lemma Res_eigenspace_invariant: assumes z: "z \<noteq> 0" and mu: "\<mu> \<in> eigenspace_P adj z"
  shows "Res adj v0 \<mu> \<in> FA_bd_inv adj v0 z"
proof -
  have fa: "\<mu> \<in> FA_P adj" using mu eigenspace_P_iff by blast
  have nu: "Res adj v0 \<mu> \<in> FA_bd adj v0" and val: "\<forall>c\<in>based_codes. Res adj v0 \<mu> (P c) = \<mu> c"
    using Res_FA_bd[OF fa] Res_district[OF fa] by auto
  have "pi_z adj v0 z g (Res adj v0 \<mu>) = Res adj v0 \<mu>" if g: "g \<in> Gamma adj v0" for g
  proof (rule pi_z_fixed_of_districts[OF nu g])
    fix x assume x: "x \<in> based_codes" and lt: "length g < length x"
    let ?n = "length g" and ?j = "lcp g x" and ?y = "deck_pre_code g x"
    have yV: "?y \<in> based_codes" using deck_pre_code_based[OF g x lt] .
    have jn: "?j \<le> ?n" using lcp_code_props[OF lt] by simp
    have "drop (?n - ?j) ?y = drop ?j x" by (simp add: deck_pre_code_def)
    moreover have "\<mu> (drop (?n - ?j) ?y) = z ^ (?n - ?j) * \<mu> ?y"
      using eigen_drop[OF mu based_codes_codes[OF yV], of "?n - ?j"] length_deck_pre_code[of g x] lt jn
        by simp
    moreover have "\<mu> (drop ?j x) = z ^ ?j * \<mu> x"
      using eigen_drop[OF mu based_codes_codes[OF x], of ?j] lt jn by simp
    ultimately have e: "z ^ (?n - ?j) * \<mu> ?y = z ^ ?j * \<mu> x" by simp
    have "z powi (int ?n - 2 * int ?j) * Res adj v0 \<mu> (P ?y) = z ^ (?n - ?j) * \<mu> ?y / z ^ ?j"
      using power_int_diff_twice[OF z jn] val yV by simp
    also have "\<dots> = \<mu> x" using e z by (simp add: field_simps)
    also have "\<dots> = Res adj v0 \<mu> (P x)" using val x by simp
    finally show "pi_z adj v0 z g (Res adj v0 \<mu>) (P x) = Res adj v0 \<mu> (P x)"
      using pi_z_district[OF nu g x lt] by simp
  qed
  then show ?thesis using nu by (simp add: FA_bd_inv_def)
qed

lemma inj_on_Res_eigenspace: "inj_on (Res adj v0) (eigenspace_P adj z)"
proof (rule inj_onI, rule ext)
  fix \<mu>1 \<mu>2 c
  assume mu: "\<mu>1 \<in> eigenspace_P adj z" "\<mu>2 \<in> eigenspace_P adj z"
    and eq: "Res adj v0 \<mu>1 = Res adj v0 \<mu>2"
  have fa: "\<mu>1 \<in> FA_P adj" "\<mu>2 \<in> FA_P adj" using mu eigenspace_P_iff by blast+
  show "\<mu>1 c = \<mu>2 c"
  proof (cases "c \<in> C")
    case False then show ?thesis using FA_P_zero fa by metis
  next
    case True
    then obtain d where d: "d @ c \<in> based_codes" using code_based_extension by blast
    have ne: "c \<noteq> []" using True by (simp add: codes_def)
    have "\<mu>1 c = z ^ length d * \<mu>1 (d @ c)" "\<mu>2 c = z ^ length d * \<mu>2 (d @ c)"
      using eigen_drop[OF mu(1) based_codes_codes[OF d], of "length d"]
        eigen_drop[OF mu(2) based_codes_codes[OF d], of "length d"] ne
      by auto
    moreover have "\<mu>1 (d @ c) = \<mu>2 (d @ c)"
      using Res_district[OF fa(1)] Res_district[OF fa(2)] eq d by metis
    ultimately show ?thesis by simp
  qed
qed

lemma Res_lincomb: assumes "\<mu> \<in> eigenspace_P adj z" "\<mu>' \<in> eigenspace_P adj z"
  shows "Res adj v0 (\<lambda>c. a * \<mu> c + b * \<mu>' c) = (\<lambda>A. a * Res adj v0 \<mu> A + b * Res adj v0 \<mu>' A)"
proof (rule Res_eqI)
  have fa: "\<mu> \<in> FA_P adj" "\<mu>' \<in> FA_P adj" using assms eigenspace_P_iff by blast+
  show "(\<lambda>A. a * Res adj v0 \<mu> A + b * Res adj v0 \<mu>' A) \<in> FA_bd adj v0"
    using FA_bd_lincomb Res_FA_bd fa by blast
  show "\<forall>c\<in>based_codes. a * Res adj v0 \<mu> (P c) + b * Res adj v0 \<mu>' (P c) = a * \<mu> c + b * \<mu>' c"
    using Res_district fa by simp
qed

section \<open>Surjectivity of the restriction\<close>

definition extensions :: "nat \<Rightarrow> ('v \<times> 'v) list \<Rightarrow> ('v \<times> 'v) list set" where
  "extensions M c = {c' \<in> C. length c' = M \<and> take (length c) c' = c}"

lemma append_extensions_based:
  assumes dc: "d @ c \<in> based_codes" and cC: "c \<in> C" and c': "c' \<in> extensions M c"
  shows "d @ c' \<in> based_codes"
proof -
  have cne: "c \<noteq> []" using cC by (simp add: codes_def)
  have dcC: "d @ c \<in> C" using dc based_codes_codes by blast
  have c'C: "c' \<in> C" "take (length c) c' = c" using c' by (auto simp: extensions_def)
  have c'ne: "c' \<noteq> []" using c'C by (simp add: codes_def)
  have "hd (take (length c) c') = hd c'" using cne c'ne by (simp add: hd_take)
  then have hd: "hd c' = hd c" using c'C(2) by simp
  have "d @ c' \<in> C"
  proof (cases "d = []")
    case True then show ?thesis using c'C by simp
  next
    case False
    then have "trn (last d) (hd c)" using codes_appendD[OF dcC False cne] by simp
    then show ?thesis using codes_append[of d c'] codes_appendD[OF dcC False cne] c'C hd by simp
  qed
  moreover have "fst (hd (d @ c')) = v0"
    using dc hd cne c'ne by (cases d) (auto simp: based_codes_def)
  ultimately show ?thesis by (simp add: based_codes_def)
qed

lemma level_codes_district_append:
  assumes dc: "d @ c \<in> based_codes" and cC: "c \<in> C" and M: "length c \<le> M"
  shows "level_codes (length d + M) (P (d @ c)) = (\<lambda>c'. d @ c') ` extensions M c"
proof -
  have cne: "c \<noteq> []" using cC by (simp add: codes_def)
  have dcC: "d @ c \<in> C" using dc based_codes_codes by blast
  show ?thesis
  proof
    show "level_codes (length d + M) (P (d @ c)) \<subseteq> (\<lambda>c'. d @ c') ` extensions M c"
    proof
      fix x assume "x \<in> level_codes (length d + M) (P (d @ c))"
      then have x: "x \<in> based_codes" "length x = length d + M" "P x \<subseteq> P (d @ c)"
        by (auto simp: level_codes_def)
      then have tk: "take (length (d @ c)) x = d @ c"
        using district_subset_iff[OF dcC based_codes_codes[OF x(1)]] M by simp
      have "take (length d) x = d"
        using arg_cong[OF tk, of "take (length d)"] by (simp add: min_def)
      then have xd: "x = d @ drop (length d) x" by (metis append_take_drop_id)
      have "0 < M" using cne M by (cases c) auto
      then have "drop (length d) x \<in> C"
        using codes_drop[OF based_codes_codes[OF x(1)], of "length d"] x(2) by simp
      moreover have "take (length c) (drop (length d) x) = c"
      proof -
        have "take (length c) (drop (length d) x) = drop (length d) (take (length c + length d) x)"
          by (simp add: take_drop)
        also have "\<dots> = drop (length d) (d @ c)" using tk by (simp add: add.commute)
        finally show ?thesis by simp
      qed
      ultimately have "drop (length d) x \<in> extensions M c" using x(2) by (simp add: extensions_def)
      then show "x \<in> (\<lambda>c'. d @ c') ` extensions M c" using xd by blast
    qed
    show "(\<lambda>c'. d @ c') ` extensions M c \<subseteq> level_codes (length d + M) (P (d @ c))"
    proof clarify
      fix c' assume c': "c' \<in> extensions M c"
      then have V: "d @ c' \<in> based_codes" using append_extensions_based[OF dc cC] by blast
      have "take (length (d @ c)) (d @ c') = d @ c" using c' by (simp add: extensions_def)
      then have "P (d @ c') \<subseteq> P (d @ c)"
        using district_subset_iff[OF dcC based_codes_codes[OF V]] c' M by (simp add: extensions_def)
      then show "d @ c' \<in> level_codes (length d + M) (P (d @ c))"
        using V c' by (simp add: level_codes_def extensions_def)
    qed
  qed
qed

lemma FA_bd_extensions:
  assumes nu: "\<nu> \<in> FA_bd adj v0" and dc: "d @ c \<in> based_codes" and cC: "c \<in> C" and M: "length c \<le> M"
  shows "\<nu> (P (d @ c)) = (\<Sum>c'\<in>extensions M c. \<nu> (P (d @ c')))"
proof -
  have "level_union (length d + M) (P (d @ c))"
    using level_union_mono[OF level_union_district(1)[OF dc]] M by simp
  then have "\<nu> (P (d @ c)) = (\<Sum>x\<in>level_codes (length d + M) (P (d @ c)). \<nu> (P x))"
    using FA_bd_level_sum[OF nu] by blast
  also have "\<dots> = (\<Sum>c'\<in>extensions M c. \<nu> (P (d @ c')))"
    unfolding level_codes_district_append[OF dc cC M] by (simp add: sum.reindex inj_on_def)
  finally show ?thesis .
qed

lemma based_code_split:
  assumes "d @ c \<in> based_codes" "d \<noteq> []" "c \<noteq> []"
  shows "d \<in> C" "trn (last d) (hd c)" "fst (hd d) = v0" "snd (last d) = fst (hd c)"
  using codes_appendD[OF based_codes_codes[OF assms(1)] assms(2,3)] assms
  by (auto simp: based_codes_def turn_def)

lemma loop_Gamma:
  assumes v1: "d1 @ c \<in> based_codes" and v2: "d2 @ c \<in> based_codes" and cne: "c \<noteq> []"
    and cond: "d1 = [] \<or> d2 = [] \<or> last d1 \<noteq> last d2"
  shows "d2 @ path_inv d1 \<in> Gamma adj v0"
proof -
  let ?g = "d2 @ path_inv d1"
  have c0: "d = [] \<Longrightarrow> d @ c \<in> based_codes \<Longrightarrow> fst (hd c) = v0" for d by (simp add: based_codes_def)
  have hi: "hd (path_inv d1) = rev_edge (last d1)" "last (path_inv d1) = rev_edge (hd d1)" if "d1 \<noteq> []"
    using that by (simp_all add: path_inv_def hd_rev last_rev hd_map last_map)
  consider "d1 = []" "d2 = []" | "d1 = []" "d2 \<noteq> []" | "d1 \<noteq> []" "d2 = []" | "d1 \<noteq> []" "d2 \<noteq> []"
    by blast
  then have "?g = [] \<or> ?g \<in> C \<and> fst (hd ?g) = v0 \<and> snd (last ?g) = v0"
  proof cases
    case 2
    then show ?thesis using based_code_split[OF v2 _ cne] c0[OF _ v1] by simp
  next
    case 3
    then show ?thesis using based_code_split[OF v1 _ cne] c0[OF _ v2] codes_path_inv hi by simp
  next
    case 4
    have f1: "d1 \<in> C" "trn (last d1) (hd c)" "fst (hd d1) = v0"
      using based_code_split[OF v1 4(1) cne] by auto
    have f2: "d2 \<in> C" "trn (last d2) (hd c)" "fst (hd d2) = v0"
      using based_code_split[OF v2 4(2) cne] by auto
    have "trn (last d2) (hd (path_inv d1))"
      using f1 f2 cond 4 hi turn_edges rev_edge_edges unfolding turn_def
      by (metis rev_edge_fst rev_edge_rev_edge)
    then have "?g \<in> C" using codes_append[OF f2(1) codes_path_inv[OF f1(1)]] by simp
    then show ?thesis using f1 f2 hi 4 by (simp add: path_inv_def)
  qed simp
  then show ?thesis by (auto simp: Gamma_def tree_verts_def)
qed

★ ★ ★ ★ ★

Would you print exactly, and only, the lines of the data above from the line with "v0 \<mu>) = Res" through the line with "mu eigenspace_P_iff by blast+", inclusive?

Answer for this exercise
  have "pi_z adj v0 z g (Res adj v0 \<mu>) = Res adj v0 \<mu>" if g: "g \<in> Gamma adj v0" for g
  proof (rule pi_z_fixed_of_districts[OF nu g])
    fix x assume x: "x \<in> based_codes" and lt: "length g < length x"
    let ?n = "length g" and ?j = "lcp g x" and ?y = "deck_pre_code g x"
    have yV: "?y \<in> based_codes" using deck_pre_code_based[OF g x lt] .
    have jn: "?j \<le> ?n" using lcp_code_props[OF lt] by simp
    have "drop (?n - ?j) ?y = drop ?j x" by (simp add: deck_pre_code_def)
    moreover have "\<mu> (drop (?n - ?j) ?y) = z ^ (?n - ?j) * \<mu> ?y"
      using eigen_drop[OF mu based_codes_codes[OF yV], of "?n - ?j"] length_deck_pre_code[of g x] lt jn
        by simp
    moreover have "\<mu> (drop ?j x) = z ^ ?j * \<mu> x"
      using eigen_drop[OF mu based_codes_codes[OF x], of ?j] lt jn by simp
    ultimately have e: "z ^ (?n - ?j) * \<mu> ?y = z ^ ?j * \<mu> x" by simp
    have "z powi (int ?n - 2 * int ?j) * Res adj v0 \<mu> (P ?y) = z ^ (?n - ?j) * \<mu> ?y / z ^ ?j"
      using power_int_diff_twice[OF z jn] val yV by simp
    also have "\<dots> = \<mu> x" using e z by (simp add: field_simps)
    also have "\<dots> = Res adj v0 \<mu> (P x)" using val x by simp
    finally show "pi_z adj v0 z g (Res adj v0 \<mu>) (P x) = Res adj v0 \<mu> (P x)"
      using pi_z_district[OF nu g x lt] by simp
  qed
  then show ?thesis using nu by (simp add: FA_bd_inv_def)
qed

lemma inj_on_Res_eigenspace: "inj_on (Res adj v0) (eigenspace_P adj z)"
proof (rule inj_onI, rule ext)
  fix \<mu>1 \<mu>2 c
  assume mu: "\<mu>1 \<in> eigenspace_P adj z" "\<mu>2 \<in> eigenspace_P adj z"
    and eq: "Res adj v0 \<mu>1 = Res adj v0 \<mu>2"
  have fa: "\<mu>1 \<in> FA_P adj" "\<mu>2 \<in> FA_P adj" using mu eigenspace_P_iff by blast+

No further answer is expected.